Stored records:
......

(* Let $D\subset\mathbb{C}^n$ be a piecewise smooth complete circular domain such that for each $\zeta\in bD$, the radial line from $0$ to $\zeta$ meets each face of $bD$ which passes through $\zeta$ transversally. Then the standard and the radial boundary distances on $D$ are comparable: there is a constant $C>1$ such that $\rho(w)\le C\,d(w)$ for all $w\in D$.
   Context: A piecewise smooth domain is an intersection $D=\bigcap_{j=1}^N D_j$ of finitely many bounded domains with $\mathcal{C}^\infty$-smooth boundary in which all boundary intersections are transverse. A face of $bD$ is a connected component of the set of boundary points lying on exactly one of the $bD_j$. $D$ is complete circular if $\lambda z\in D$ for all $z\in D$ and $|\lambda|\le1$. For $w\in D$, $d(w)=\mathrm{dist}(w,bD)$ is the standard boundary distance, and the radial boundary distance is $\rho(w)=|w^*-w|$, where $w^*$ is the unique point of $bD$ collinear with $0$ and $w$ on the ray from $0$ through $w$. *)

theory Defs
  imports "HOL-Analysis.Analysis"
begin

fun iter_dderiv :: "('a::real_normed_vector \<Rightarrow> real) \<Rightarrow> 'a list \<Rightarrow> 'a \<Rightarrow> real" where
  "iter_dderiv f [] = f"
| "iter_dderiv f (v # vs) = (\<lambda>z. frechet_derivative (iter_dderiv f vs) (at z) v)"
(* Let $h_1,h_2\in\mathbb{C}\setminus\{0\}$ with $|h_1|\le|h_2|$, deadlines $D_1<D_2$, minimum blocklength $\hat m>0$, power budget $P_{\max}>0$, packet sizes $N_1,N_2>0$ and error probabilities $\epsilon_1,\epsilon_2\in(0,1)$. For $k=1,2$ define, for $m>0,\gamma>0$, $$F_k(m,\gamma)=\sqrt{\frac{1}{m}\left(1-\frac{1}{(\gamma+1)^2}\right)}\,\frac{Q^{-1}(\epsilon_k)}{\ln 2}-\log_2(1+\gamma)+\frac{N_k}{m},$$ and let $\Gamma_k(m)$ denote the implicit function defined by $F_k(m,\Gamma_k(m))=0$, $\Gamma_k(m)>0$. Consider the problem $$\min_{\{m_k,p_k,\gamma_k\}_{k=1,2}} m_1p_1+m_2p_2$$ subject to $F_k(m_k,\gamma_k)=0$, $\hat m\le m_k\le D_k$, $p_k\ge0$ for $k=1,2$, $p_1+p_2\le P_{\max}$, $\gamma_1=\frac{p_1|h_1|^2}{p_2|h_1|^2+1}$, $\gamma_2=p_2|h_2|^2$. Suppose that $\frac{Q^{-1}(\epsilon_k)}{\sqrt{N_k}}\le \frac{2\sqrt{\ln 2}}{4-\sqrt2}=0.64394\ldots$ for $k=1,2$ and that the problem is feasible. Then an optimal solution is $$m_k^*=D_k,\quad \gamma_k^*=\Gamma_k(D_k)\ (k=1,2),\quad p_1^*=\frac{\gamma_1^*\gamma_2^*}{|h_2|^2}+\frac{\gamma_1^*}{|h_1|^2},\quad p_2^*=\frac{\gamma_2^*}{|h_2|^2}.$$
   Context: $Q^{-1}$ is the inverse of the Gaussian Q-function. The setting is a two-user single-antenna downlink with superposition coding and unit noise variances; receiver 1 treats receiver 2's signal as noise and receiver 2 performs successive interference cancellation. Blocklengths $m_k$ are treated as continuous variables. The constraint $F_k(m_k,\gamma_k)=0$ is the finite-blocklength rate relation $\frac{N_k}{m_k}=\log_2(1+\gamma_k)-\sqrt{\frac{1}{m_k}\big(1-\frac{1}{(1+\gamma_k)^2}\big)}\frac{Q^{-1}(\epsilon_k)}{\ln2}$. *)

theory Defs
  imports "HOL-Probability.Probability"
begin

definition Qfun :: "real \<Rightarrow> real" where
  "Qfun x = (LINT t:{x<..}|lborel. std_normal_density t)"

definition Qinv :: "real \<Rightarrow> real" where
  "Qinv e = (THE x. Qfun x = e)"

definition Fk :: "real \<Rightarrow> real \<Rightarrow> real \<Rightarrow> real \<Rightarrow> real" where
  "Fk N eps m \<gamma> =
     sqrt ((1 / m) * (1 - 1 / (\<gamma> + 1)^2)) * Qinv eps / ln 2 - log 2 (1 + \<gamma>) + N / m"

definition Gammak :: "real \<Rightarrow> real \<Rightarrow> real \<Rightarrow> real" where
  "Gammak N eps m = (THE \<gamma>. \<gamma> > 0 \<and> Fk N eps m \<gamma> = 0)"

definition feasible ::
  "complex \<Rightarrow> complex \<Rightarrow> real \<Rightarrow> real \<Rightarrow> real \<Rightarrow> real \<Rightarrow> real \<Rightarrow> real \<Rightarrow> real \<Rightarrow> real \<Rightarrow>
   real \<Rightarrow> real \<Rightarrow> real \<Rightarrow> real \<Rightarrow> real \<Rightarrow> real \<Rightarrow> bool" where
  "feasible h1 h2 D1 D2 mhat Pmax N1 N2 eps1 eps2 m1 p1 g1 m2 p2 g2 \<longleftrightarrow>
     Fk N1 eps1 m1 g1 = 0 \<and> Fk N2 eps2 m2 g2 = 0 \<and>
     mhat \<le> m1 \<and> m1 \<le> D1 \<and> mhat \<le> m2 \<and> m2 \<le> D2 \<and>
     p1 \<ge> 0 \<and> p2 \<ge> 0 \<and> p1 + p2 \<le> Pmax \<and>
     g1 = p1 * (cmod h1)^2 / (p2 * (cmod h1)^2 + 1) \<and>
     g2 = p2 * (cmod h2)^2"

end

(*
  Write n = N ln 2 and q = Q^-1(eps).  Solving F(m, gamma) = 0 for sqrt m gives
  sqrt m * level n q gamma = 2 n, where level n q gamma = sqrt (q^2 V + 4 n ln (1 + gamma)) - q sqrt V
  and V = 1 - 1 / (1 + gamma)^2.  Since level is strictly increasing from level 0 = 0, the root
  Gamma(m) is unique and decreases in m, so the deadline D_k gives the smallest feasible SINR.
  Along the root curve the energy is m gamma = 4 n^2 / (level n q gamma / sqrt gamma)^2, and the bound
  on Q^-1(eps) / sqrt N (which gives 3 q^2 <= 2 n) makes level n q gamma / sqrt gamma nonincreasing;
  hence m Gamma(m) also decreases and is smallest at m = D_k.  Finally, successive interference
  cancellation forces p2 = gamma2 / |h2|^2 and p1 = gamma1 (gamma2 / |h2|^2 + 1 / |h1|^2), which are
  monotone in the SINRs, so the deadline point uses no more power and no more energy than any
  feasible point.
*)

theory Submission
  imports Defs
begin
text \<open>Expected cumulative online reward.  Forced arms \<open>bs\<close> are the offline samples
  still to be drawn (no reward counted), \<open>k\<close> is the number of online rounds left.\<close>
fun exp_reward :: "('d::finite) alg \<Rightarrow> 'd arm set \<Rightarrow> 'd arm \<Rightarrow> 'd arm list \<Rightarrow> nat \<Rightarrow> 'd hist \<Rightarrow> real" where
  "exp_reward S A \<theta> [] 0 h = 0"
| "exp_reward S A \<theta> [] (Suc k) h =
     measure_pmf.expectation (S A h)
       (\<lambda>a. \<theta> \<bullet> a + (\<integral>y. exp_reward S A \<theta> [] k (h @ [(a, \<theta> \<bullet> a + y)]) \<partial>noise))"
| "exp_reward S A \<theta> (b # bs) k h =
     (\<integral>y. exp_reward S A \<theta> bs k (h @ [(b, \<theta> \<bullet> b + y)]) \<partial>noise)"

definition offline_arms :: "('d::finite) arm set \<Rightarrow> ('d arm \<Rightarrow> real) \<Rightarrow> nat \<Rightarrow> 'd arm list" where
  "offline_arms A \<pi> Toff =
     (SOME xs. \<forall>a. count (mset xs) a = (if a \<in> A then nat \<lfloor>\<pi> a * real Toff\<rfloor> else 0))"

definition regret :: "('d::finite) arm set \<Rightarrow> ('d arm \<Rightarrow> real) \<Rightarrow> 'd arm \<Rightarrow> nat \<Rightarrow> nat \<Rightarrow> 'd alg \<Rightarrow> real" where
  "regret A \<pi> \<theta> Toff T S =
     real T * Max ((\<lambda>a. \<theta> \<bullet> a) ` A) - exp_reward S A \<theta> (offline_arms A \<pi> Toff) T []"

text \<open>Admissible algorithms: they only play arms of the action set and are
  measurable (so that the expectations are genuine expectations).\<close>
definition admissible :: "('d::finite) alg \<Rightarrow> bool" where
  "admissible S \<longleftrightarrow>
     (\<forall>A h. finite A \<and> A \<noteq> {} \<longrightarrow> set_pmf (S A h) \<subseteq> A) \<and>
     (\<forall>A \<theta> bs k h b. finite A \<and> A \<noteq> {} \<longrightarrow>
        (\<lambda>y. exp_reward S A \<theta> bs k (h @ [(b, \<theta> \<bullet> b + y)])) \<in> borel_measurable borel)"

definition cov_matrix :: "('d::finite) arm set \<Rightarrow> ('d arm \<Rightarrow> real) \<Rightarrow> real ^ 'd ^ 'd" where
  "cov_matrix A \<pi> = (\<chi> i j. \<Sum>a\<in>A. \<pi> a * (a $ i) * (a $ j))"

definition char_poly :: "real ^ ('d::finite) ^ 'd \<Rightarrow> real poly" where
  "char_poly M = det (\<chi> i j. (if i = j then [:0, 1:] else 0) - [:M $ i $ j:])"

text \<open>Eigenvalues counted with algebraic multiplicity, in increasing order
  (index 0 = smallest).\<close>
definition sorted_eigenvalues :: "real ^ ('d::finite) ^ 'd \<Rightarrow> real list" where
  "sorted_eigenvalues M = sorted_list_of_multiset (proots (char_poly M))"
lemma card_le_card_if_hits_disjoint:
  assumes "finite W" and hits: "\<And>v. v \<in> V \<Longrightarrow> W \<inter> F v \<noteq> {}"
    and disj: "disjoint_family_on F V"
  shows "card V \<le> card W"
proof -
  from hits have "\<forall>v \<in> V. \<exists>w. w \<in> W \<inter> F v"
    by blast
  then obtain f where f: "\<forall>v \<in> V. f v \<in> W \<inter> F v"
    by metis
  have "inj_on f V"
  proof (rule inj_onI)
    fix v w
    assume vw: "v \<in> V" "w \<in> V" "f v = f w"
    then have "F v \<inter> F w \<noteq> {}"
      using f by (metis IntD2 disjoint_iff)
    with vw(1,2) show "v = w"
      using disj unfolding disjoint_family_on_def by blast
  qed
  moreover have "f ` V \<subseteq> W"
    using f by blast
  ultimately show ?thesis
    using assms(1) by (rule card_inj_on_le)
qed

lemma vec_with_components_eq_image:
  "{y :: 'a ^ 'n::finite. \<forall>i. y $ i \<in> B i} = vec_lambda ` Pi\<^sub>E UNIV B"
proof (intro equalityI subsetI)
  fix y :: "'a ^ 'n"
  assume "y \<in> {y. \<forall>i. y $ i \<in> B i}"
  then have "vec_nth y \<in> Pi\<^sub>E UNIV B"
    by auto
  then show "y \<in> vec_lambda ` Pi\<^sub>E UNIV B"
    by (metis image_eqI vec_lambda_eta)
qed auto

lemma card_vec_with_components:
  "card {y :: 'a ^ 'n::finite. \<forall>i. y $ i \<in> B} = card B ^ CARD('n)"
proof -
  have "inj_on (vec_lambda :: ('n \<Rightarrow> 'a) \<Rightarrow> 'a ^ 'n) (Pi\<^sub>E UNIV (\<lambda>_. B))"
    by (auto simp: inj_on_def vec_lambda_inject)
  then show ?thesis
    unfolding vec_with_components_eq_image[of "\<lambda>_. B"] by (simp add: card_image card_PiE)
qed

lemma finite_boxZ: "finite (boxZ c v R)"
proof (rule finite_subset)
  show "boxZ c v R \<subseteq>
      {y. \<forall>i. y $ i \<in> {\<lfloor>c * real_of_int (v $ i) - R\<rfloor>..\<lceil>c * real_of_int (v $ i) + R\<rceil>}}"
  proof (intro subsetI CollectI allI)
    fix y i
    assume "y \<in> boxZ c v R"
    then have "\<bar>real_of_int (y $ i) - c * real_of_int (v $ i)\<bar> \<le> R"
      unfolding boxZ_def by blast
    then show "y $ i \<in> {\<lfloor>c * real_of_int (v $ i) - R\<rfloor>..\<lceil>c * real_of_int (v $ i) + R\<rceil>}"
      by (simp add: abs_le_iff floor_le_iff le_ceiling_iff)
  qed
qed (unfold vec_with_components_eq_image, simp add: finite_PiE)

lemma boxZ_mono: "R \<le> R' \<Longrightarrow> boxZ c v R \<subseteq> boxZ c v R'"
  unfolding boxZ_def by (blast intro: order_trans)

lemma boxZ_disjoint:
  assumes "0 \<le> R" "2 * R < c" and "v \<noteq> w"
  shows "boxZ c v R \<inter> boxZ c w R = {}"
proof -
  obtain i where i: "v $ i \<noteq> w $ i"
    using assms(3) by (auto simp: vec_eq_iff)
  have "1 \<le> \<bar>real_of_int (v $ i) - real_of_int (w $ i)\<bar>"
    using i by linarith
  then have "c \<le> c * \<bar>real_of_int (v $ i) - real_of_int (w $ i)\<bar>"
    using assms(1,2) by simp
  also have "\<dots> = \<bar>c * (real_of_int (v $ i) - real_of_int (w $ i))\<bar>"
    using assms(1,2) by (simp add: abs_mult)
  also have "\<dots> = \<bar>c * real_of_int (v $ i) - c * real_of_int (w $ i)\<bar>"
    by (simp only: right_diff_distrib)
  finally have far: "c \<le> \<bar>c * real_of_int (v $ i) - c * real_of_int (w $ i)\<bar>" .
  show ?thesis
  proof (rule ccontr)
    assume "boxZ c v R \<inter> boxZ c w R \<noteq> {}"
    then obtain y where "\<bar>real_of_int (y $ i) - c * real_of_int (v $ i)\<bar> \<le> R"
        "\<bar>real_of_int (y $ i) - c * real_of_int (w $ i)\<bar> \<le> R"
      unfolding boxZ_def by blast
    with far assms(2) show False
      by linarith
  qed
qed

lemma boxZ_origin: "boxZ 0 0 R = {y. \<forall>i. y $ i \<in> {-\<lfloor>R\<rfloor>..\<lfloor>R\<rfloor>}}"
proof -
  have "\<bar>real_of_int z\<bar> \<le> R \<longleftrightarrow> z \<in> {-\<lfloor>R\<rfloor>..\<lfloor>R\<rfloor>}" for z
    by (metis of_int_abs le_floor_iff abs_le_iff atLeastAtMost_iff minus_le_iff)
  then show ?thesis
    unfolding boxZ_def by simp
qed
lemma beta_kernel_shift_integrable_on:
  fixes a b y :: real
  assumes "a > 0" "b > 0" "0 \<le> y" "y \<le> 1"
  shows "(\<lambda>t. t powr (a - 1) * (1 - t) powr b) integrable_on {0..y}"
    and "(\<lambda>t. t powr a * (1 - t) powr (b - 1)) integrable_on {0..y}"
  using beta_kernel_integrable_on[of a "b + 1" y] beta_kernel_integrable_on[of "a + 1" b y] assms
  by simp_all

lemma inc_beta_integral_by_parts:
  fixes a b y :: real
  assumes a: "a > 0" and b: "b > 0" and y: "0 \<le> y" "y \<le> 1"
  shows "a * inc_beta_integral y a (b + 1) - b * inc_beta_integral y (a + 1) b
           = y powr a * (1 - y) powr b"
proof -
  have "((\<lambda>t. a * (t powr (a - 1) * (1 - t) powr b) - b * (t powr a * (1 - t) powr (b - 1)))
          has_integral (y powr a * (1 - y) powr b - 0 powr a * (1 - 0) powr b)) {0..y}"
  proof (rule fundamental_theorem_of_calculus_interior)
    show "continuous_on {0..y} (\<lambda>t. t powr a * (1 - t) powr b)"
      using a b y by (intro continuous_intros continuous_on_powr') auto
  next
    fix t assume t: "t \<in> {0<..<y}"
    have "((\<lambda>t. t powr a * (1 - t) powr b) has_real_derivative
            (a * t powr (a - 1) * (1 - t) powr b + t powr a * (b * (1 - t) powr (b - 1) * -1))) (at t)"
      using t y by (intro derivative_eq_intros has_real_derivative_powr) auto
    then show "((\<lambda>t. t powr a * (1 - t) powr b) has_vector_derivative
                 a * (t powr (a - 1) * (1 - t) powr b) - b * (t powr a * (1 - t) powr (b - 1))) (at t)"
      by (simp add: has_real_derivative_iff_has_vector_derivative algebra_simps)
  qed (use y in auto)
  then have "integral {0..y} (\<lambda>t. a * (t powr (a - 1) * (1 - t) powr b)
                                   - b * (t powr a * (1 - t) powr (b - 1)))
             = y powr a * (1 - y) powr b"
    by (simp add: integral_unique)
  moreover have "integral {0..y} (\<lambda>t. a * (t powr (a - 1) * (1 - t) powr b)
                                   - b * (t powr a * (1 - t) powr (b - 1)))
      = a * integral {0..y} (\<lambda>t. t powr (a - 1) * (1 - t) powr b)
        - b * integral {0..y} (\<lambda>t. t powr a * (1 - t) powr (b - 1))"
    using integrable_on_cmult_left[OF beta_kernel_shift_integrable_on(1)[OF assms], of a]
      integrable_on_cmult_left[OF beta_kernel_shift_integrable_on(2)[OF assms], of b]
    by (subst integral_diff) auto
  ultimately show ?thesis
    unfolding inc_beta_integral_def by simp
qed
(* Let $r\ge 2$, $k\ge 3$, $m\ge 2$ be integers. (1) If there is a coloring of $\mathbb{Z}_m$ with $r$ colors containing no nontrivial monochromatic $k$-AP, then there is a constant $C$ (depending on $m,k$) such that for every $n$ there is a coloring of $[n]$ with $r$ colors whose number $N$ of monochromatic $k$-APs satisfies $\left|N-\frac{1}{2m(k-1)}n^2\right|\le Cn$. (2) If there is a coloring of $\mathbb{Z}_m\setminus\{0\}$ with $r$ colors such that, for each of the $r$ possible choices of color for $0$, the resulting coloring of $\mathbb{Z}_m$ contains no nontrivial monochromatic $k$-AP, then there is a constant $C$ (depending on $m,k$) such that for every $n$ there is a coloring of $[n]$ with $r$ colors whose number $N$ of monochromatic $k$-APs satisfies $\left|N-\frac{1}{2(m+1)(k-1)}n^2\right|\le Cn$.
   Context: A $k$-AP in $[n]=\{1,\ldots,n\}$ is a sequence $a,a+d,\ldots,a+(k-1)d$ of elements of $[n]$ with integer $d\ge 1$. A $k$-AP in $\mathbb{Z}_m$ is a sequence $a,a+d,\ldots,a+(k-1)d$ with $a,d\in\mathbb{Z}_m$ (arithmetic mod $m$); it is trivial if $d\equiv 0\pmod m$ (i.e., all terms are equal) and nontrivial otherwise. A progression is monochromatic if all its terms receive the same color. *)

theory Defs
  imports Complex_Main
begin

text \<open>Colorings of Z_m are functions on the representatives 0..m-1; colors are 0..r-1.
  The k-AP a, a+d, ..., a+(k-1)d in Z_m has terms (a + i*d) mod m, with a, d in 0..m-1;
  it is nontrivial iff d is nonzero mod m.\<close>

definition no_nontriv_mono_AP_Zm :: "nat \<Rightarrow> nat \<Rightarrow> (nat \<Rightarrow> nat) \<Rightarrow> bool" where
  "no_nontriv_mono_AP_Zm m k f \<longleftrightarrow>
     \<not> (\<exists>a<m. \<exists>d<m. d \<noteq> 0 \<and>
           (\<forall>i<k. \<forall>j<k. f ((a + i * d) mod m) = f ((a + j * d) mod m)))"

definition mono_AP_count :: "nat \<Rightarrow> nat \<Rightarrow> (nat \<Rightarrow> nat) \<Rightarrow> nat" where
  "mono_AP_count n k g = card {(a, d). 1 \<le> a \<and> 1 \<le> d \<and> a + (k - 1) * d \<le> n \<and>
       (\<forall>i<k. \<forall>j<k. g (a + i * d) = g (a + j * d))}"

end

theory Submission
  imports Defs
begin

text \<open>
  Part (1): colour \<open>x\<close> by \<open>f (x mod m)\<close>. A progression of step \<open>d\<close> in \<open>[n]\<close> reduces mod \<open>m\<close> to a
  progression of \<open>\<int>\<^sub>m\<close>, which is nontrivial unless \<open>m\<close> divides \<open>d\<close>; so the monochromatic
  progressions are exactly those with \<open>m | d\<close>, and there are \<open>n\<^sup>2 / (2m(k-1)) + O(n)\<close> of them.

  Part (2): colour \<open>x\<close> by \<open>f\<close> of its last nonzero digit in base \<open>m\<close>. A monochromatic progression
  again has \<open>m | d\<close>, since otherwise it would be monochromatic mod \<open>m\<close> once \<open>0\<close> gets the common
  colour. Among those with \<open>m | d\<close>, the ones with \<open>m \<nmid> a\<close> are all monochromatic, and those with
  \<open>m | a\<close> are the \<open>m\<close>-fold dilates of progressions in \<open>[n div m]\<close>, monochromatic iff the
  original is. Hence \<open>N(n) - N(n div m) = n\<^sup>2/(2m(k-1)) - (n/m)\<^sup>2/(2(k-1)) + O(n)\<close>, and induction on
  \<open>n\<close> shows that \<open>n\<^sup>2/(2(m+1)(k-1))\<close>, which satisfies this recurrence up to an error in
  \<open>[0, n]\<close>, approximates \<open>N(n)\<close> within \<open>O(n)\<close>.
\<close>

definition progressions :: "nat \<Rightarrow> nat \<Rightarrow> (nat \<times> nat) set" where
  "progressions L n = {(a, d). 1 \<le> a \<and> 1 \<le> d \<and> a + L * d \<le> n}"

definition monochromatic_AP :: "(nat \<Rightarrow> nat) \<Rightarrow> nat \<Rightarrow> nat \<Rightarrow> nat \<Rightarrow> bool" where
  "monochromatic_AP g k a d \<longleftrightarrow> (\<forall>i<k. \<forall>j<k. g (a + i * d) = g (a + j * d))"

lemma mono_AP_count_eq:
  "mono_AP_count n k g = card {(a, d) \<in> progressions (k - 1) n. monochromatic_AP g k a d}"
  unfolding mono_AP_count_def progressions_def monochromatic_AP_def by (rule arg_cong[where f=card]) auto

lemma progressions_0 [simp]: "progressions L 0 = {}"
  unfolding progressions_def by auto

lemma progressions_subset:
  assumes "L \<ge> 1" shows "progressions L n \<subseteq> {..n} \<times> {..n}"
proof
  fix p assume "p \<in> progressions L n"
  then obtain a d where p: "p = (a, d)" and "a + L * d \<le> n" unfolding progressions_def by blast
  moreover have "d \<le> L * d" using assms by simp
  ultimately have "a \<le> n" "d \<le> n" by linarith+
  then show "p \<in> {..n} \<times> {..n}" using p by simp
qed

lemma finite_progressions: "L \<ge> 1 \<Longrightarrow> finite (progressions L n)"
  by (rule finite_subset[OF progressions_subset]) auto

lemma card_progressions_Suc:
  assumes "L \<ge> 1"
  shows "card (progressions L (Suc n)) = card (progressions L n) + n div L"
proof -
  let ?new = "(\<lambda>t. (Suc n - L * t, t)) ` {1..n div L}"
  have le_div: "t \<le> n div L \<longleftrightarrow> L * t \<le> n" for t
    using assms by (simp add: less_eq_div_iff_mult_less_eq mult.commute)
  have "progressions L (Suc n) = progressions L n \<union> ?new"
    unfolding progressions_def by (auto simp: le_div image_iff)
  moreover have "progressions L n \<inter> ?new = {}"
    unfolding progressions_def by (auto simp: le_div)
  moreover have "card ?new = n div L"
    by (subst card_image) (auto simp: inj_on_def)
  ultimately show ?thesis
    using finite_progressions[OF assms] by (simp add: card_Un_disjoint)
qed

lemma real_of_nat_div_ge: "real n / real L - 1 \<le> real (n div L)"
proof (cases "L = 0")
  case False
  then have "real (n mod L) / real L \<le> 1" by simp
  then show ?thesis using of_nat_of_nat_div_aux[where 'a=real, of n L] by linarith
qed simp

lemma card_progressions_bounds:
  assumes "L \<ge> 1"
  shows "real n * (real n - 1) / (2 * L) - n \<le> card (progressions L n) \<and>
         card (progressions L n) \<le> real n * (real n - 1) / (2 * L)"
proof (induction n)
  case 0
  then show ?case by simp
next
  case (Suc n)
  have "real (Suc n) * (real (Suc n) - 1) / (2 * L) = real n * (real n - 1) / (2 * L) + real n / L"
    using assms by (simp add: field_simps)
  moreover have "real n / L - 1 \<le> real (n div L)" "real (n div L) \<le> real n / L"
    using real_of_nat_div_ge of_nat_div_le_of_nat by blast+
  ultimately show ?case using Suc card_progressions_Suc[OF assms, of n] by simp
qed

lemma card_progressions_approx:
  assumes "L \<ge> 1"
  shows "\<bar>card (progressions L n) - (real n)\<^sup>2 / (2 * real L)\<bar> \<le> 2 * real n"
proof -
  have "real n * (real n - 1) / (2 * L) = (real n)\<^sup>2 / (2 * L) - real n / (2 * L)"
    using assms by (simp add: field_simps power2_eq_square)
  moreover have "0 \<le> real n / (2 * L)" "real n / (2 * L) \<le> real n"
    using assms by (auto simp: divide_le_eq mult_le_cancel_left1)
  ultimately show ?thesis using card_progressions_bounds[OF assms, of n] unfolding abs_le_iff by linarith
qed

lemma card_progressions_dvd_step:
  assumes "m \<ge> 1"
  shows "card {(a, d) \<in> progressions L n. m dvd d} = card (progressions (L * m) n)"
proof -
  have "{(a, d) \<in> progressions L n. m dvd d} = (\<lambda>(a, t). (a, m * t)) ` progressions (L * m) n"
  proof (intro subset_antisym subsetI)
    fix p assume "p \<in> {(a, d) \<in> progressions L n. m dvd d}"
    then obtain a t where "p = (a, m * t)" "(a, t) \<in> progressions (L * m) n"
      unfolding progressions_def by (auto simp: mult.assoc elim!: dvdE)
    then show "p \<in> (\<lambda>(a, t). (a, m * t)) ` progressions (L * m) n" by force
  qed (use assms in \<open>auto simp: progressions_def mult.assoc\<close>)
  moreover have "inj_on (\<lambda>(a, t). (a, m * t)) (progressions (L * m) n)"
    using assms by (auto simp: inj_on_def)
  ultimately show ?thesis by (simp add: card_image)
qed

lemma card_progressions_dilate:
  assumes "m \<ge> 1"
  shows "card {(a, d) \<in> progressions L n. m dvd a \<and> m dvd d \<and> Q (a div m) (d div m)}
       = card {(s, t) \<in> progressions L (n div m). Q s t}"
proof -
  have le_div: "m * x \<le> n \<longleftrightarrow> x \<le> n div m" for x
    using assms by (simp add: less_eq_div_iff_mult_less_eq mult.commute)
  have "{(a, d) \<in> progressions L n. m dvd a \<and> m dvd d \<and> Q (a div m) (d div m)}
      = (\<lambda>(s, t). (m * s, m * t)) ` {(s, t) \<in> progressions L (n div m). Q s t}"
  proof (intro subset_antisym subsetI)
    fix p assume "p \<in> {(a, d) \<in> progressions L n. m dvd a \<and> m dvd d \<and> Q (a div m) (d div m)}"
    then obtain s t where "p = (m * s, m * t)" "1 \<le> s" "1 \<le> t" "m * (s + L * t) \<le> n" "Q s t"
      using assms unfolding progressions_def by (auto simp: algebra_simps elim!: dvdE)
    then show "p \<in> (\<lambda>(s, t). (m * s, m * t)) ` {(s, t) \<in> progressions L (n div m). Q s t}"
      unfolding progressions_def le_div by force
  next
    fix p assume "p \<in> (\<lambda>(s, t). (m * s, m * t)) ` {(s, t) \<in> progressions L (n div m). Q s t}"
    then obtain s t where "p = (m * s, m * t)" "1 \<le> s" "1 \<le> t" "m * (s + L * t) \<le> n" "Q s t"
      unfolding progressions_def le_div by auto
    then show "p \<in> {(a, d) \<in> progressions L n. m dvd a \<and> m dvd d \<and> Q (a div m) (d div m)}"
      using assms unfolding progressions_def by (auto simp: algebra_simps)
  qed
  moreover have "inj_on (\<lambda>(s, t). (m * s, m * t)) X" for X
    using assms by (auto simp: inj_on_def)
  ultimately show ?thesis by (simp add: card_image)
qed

......

Scan the data above and report each line in which "mhat" is present.

Answer to the exercise:
  "feasible h1 h2 D1 D2 mhat Pmax N1 N2 eps1 eps2 m1 p1 g1 m2 p2 g2 \<longleftrightarrow>
     mhat \<le> m1 \<and> m1 \<le> D1 \<and> mhat \<le> m2 \<and> m2 \<le> D2 \<and>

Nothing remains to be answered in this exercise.